Неповторимые минуты, вершащиеся в небесах с закатом луны и восходом солнца, будоражили его сердце одновременно возбуждением и усталостью. Но требовалось, как продолжать нить самой жизни, зафиксировать это в синем блокноте. И он знал, что, записав то, что в эти мгновения пробуждалось и накапливалось в его душе, тут же упадет, подобно камню в колодец, в долгий сон.

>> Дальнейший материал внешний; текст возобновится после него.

lemma of_edge_coord_in_banana_face:
  "of_edge_coord c \<in> banana_face T B \<longleftrightarrow> (\<forall>p q. c p - c q \<le> 1) \<and> (\<forall>p\<in>T. \<forall>q\<in>B. c p - c q = 1)"
  by (simp add: banana_face_def of_edge_coord_in_banana_cell edge_coord_of_edge_coord)

text \<open>Edge coordinates of a point in the relative interior of banana_face T B.\<close>
definition face_centre_coord :: "'a set \<Rightarrow> 'a set \<Rightarrow> 'a \<Rightarrow> real" where
  "face_centre_coord T B p = (if p \<in> T then 1 else if p \<in> B then 0 else 1 / 2)"

lemma face_centre_in_banana_face:
  "T \<inter> B = {} \<Longrightarrow> of_edge_coord (face_centre_coord T B) \<in> banana_face T B"
  by (auto simp: of_edge_coord_in_banana_face face_centre_coord_def)

lemma face_centre_in_banana_face_imp_subset:
  assumes "of_edge_coord (face_centre_coord T B) \<in> banana_face T' B'" "T' \<noteq> {}" "B' \<noteq> {}"
  shows "T' \<subseteq> T \<and> B' \<subseteq> B"
proof -
  have "p \<in> T \<and> q \<in> B" if "p \<in> T'" "q \<in> B'" for p q
    using assms(1) that
    by (auto simp: of_edge_coord_in_banana_face face_centre_coord_def split: if_splits)
  then show ?thesis using assms(2,3) by blast
qed

lemma banana_face_inj:
  assumes "T \<noteq> {}" "B \<noteq> {}" "T \<inter> B = {}" "T' \<noteq> {}" "B' \<noteq> {}" "T' \<inter> B' = {}"
    and "banana_face T B = banana_face T' B'"
  shows "T = T' \<and> B = B'"
  using face_centre_in_banana_face_imp_subset[of T B T' B'] face_centre_in_banana_face[of T B]
    face_centre_in_banana_face_imp_subset[of T' B' T B] face_centre_in_banana_face[of T' B'] assms
  by auto

lemma edge_coord_edge_dir:
  fixes r :: "'n::finite option"
  shows "edge_coord (edge_dir r) s = (if s = r then 1 else 0) - 1 / CARD('n option)"
  by (simp add: edge_dir_def edge_coord_of_edge_coord)

lemma inj_edge_dir: "inj (edge_dir :: 'n::finite option \<Rightarrow> real ^ 'n)"
proof (rule injI)
  fix r r' :: "'n option" assume "edge_dir r = edge_dir r'"
  then have "edge_coord (edge_dir r) r = edge_coord (edge_dir r') r" by simp
  then show "r = r'" by (simp add: edge_coord_edge_dir split: if_splits)
qed

lemma sum_scaleR_edge_dir:
  fixes R :: "'n::finite option set"
  shows "(\<Sum>r\<in>R. f r *\<^sub>R edge_dir r) = of_edge_coord (\<lambda>s. if s \<in> R then f s else 0)"
proof -
  have "edge_coord (\<Sum>r\<in>R. f r *\<^sub>R edge_dir r) s
      = (\<Sum>r\<in>R. if s = r then f r else 0) - (\<Sum>r\<in>R. f r) / CARD('n option)" for s
  proof -
    have "edge_coord (\<Sum>r\<in>R. f r *\<^sub>R edge_dir r) s
        = (\<Sum>r\<in>R. (if s = r then f r else 0) - f r / CARD('n option))"
      by (auto simp: edge_coord_sum edge_coord_scaleR edge_coord_edge_dir algebra_simps intro!: sum.cong)
    then show ?thesis by (simp add: sum_subtractf sum_divide_distrib)
  qed
  then show ?thesis by (simp add: of_edge_coord_eq_iff)
qed

lemma independent_edge_dir:
  fixes R :: "'n::finite option set"
  assumes "q \<notin> R"
  shows "independent (edge_dir ` R)"
proof (rule independent_if_scalars_zero)
  fix f and v :: "real ^ 'n"
  assume f: "(\<Sum>v\<in>edge_dir ` R. f v *\<^sub>R v) = 0" and "v \<in> edge_dir ` R"
  then obtain r where r: "r \<in> R" "v = edge_dir r" by blast
  have "(\<Sum>r\<in>R. f (edge_dir r) *\<^sub>R edge_dir r) = 0"
    using f by (simp add: sum.reindex inj_on_subset[OF inj_edge_dir])
  then have "0 = of_edge_coord (\<lambda>s. if s \<in> R then f (edge_dir s) else 0)"
    by (simp add: sum_scaleR_edge_dir)
  then have "\<forall>p p'. 0 = (if p \<in> R then f (edge_dir p) else 0) - (if p' \<in> R then f (edge_dir p') else 0)"
    unfolding of_edge_coord_eq_iff by simp
  then have "0 = (if r \<in> R then f (edge_dir r) else 0) - (if q \<in> R then f (edge_dir q) else 0)"
    by blast
  then show "f v = 0" using r assms by simp
qed simp
lemma pstr_mat_square: "mmul (length ps) (pstr_mat ps) (pstr_mat ps) = mident (length ps)"
proof (induction ps)
  case Nil
  show ?case by (auto simp: mmul_def mident_def)
next
  case (Cons p ps)
  let ?m = "2 ^ length ps :: nat" and ?Q = "pstr_mat ps"
  have IH: "(\<Sum>b<?m. ?Q i b * ?Q b j) = (if i = j \<and> i < ?m then 1 else 0)" for i j
    using fun_cong[OF fun_cong[OF Cons.IH], of i j] by (simp add: mmul_def mident_def)
  have split: "(i div ?m = j div ?m \<and> i div ?m < 2 \<and> i mod ?m = j mod ?m) \<longleftrightarrow> i = j \<and> i < 2 * ?m"
    for i j :: nat
    by (metis div_mult_mod_eq less_mult_imp_div_less div_less_iff_less_mult
        mult.commute zero_less_numeral zero_less_power)
  have "mmul (length (p # ps)) (pstr_mat (p # ps)) (pstr_mat (p # ps)) i j
      = (\<Sum>a<2. pmat p (i div ?m) a * pmat p a (j div ?m)) *
        (\<Sum>b<?m. ?Q (i mod ?m) b * ?Q b (j mod ?m))" for i j
  proof -
    have "mmul (length (p # ps)) (pstr_mat (p # ps)) (pstr_mat (p # ps)) i j
      = (\<Sum>k<2 * ?m. pmat p (i div ?m) (k div ?m) * ?Q (i mod ?m) (k mod ?m) *
          (pmat p (k div ?m) (j div ?m) * ?Q (k mod ?m) (j mod ?m)))"
      by (simp add: mmul_def kron_def)
    also have "\<dots> = (\<Sum>a<2. pmat p (i div ?m) a * pmat p a (j div ?m)) *
        (\<Sum>b<?m. ?Q (i mod ?m) b * ?Q b (j mod ?m))"
      unfolding sum_lessThan_double
      by (simp add: numeral_2_eq_2 lessThan_Suc sum_distrib_left sum.distrib algebra_simps
          flip: sum_distrib_right)
    finally show ?thesis .
  qed
  then show ?case
    unfolding pmat_square IH by (intro ext) (simp add: mident_def split flip: split)
qed

lemma pstr_mat_square_mmul:
  assumes "length ps = n" and "\<And>i j. 2 ^ n \<le> i \<Longrightarrow> X i j = 0"
  shows "mmul n (pstr_mat ps) (mmul n (pstr_mat ps) X) = X"
  using pstr_mat_square[of ps] assms
  by (simp add: mmul_mident_left flip: mmul_assoc)

lemma ispan_pauli: "\<sigma> \<in> P \<Longrightarrow> msmul \<i> (pstr_mat \<sigma>) \<in> ispan P"
  unfolding ispan_def rspan_def
  by (intro CollectI exI[of _ "{msmul \<i> (pstr_mat \<sigma>)}"] exI[of _ "\<lambda>_. 1"]) auto

lemma ispan_msmul_real:
  assumes "A \<in> ispan P"
  shows "msmul (complex_of_real r) A \<in> ispan P"
proof -
  obtain F c where F: "finite F" "F \<subseteq> (\<lambda>\<sigma>. msmul \<i> (pstr_mat \<sigma>)) ` P"
    "\<forall>i j. A i j = (\<Sum>B\<in>F. complex_of_real (c B) * B i j)"
    using assms unfolding ispan_def rspan_def by blast
  show ?thesis
    unfolding ispan_def rspan_def
    by (intro CollectI exI[of _ F] exI[of _ "\<lambda>B. r * c B"])
      (use F in \<open>simp add: msmul_def sum_distrib_left mult.assoc\<close>)
qed

lemma pauli_cartan_length: "pauli_cartan n K M \<Longrightarrow> \<sigma> \<in> K \<union> M \<Longrightarrow> length \<sigma> = n"
  unfolding pauli_cartan_def pauli_string_def by blast

lemma pauli_cartan_bracket_m_m:
  "pauli_cartan n K M \<Longrightarrow> A \<in> ispan M \<Longrightarrow> B \<in> ispan M \<Longrightarrow> mbracket n A B \<in> ispan K"
  unfolding pauli_cartan_def by blast

lemma pauli_cartan_bracket_k_m:
  "pauli_cartan n K M \<Longrightarrow> A \<in> ispan K \<Longrightarrow> B \<in> ispan M \<Longrightarrow> mbracket n A B \<in> ispan M"
  unfolding pauli_cartan_def by blast

theorem theoremC2:
  fixes n :: nat and K M :: "pauli list set" and b1 b2 b3 :: "pauli list"
  assumes "pauli_cartan n K M"
    and "b1 \<in> M" and "b2 \<in> M" and "b3 \<in> M"
    and "pcommute n b1 b2" and "pcommute n b1 b3" and "pcommute n b2 b3"
    and "k123 n K b1 b2 b3 \<noteq> {}"
  shows "msmul \<i> (mmul n (mmul n (pstr_mat b1) (pstr_mat b2)) (pstr_mat b3)) \<in> ispan M"
proof -
  obtain k where k: "k \<in> K" "panticommute n k b1" "panticommute n k b2" "panticommute n k b3"
    using assms(8) unfolding k123_def by blast
  note MM = pauli_cartan_bracket_m_m[OF assms(1)] and KM = pauli_cartan_bracket_k_m[OF assms(1)]
  have "length k = n" and "length b1 = n"
    using pauli_cartan_length[OF assms(1)] k(1) assms(2) by auto
  define P B1 B2 B3 where "P = pstr_mat k" and "B1 = pstr_mat b1" and "B2 = pstr_mat b2"
    and "B3 = pstr_mat b3"
  define Q1 Q2 Q3 where "Q1 = mmul n P B1" and "Q2 = mmul n Q1 B2" and "Q3 = mmul n Q2 B3"
  have iP: "msmul \<i> P \<in> ispan K"
    unfolding P_def using k(1) by (rule ispan_pauli)
  have iB: "msmul \<i> B1 \<in> ispan M" "msmul \<i> B2 \<in> ispan M" "msmul \<i> B3 \<in> ispan M"
    unfolding B1_def B2_def B3_def using assms(2-4) by (auto intro: ispan_pauli)
  note anti_k = k(2-4)[unfolded panticommute_iff_scalar_commute, folded P_def B1_def B2_def B3_def]
  note comm = assms(5-7)[unfolded pcommute_iff_scalar_commute, folded B1_def B2_def B3_def]
  note anti = anticommuting_products[OF anti_k comm, folded Q1_def Q2_def Q3_def]
  have "msmul (-2) Q1 \<in> ispan M"
    using KM[OF iP iB(1)] by (simp add: mbracket_anticommuting[OF anti_k(1)] mult.assoc Q1_def)
  from MM[OF this iB(2)] have "msmul (-4 * \<i>) Q2 \<in> ispan K"
    by (simp add: mbracket_anticommuting[OF anti(1)] mult.assoc Q2_def)
  from KM[OF this iB(3)] have "msmul 8 Q3 \<in> ispan M"
    by (simp add: mbracket_anticommuting[OF anti(2)] mult.assoc Q3_def)
  from KM[OF iP this] have "msmul (16 * \<i>) (mmul n P Q3) \<in> ispan M"
    by (simp add: mbracket_anticommuting[OF anti(3)] mult.assoc)
  moreover have "mmul n P Q3 = mmul n (mmul n B1 B2) B3"
    unfolding P_def Q1_def Q2_def Q3_def B1_def
    by (simp add: mmul_assoc pstr_mat_square_mmul \<open>length k = n\<close> mmul_rows_vanish
        pstr_mat_outside \<open>length b1 = n\<close>)
  ultimately have "msmul (16 * \<i>) (mmul n (mmul n B1 B2) B3) \<in> ispan M"
    by simp
  from ispan_msmul_real[OF this, of "1 / 16"] show ?thesis
    by (simp add: msmul_msmul B1_def B2_def B3_def)
qed

end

Но вот наступает утро, и он видит ресницы зари, трепещущие над горами Моава на востоке. Солнце заливает весь мир новым светом, сильным, полным радости жизни, глубоко вдыхает в себя голубизну неба. И этот переход от переживания лунной ночи к переживанию солнечного дня подобен переходу от одной эмоциональной картины в душе к другой или – единой длящейся симфонии. К переходу из лунного храма в солнечный – со знаками Зодиака и всем небесным воинством. Но когда, после бритья, умывания и одевания, Габриэль обратился к синему блокноту, мысль его была не о Белле или Орите, а о Млечном пути. И он нашел там запись перевода из французской энциклопедии статьи о Галактике: «…Количество от миллиарда до ста миллиардов солнц держатся силой притяжения… Наше солнце находится в Галактике, называемой Млечным путем. Еще тридцать Галактик близки к ней. И все вместе они представляет как бы местный фрагмент вселенной. Форма нашей Галактики, Млечного пути, подобна плоскому диску, диаметр которого сто тысяч световых лет…»

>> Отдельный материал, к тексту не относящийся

(* Let $f$ be an operation of arity $k$ defined by a set $S$ of unconditional standard rules together with an unconditional default rule $r$ of the form $f\,x_1\ldots x_k = t$, where $x_1,\dots,x_k$ are pairwise distinct variables and $t$ is an expression. Let $\mathcal T$ be a minimal definitional tree of $S$, and let $R$ be the replacement of $r$ with respect to $\mathcal T$. Then for every ground $f$-rooted pattern $p$: $p$ is reduced at the root to some $q$ by the default rule $r$ if and only if $p$ is reduced at the root to $q$ by some rule of $R$.
   Context: Programs are constructor-based, typed rewrite systems: symbols are partitioned into operations and constructors, each data type has a finite set of constructors. An $f$-rooted pattern is a linear expression $f\,\overline{t_n}$ ($f$ an operation of arity $n$) where each $t_i$ consists only of variables and constructors; it is ground if it contains no variables. A rule $l = r$ reduces an expression $e$ at the root to $\sigma(r)$ if $e = \sigma(l)$ for a substitution $\sigma$. The default rule $r$ reduces $p$ at the root (to $\sigma(t)$, where $p=\sigma(f\,\overline{x_k})$) exactly when no rule of $S$ matches $p$. A partial definitional tree with $f$-rooted pattern $p$ is either a rule node $rule(p = r)$, an exempt node $exempt(p)$, or a branch node $branch(p, x, \mathcal{T}_1,\dots,\mathcal{T}_k)$ where $x$ is a variable of $p$ (the inductive variable), $\{c_1,\dots,c_k\}$ is the set of all constructors of the type of $x$, $\sigma_i = \{x \mapsto c_i\,\overline{y_{a_i}}\}$ with fresh variables, and each $\mathcal{T}_i$ is a partial definitional tree with pattern $\sigma_i(p)$. A definitional tree of a set of rules of $f$ is a finite partial definitional tree with pattern $f\,\overline{x_n}$ ($x_i$ pairwise distinct) containing all and only those rules (up to renaming). It is minimal if below every branch node there is some rule node. Replacement: if $N_1,\dots,N_m$ are the exempt nodes of $\mathcal T$, $f\,\overline{t^i_k}$ the pattern of $N_i$, and $\sigma_i = \{x_1\mapsto t^i_1,\dots,x_k\mapsto t^i_k\}$, the replacement of $r$ is the set of standard rules $\{\sigma_i(f\,\overline{x_k}) = \sigma_i(t) : 1\le i\le m\}$. *)

theory Defs
  imports Main
begin
definition Lat :: "('n \<Rightarrow> nat) \<Rightarrow> complex^'n^'n \<Rightarrow> (complex^'n) set" where
  "Lat e Om = {Emat e *v m + Om *v n | m n. m \<in> intvecs \<and> n \<in> intvecs}"

definition ImM :: "complex^'n^'n \<Rightarrow> real^'n^'n" where
  "ImM M = (\<chi> i j. Im (M $ i $ j))"

definition cmat :: "real^'n^'n \<Rightarrow> complex^'n^'n" where
  "cmat M = (\<chi> i j. complex_of_real (M $ i $ j))"

definition cnjM :: "complex^'n^'n \<Rightarrow> complex^'n^'n" where
  "cnjM M = (\<chi> i j. cnj (M $ i $ j))"

text \<open>Universal cover of a punctured disc: s with Im s > R, t = exp(2 pi i s).\<close>
definition Ucov :: "real \<Rightarrow> complex set" where
  "Ucov R = {s. Im s > R}"

text \<open>Standing assumptions on the family: Om s is a holomorphic branch of
  (1/(2 pi i)) log q_ij(t) with t = exp(2 pi i s), symmetric with positive definite
  imaginary part, and the lattice is invariant under s -> s+1 (so the family descends to
  the punctured disc).\<close>
definition family_data :: "('n \<Rightarrow> nat) \<Rightarrow> ('n \<Rightarrow> 'n \<Rightarrow> complex \<Rightarrow> complex)
    \<Rightarrow> (complex \<Rightarrow> complex^'n^'n) \<Rightarrow> real \<Rightarrow> bool" where
  "family_data e q Om R \<longleftrightarrow>
     (\<forall>i j. (\<lambda>s. Om s $ i $ j) holomorphic_on Ucov R) \<and>
     (\<forall>s\<in>Ucov R. \<forall>i j. exp (2 * pi * \<i> * Om s $ i $ j) = q i j (exp (2 * pi * \<i> * s))) \<and>
     (\<forall>s\<in>Ucov R. transpose (Om s) = Om s \<and> posdef (ImM (Om s))) \<and>
     (\<forall>s\<in>Ucov R. Lat e (Om (s + 1)) = Lat e (Om s))"

text \<open>Automorphism of the family (fixing the origin) preserving the flat Kaehler metric
  H_t(v,w) = v^T (Im Omega)^{-1} conj w of class c_1(L_t) on every fibre
  C^g / (E Z^g + Omega Z^g): a holomorphically varying complex linear map A(s),
  descending to the punctured disc (A(s+1) = A(s)), mapping the lattice onto itself.\<close>
definition aut_c1 :: "('n \<Rightarrow> nat) \<Rightarrow> (complex \<Rightarrow> complex^'n^'n) \<Rightarrow> real
    \<Rightarrow> (complex \<Rightarrow> complex^'n^'n) \<Rightarrow> bool" where
  "aut_c1 e Om R A \<longleftrightarrow>
     (\<forall>i j. (\<lambda>s. A s $ i $ j) holomorphic_on Ucov R) \<and>
     (\<forall>s\<in>Ucov R. invertible (A s) \<and> A (s + 1) = A s \<and>
        (\<lambda>v. A s *v v) ` Lat e (Om s) = Lat e (Om s) \<and>
        transpose (A s) ** cmat (matrix_inv (ImM (Om s))) ** cnjM (A s)
          = cmat (matrix_inv (ImM (Om s))))"

definition GLZ :: "(real^'n^'n) set" where
  "GLZ = {M. (\<forall>i j. M $ i $ j \<in> \<int>) \<and> (det M = 1 \<or> det M = -1)}"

Эта бледная полоса в ночном небе и вправду походит на капли пролитого молока. Эти невообразимые расстояния, фиксируемые рукой в синем блокноте, вселяли в душу некий странный покой.
И вот сейчас, в подвале, пребывая в приятном ощущении божественной наготы, он дописал строки в блокноте, опрокинулся навзничь на лежанку, прикрыв глаза, прежде чем встать, одеться и с легким сердцем выйти, чтобы взять записку Ориты, всунутую в отверстие замка. Ему казалось, что он закрыл глаза на несколько мгновений, но когда открыл, уже прошла ночь, свечи едва теплились, все же чуть освещая три белые лилии в вазе у отдушины. Когда Габриэль толкнул двери подвала, чтобы выйти наружу, он внезапно замер перед безмолвным странным сиянием, как бы раскрывшемся ему во всем блеске, – утренней звезды.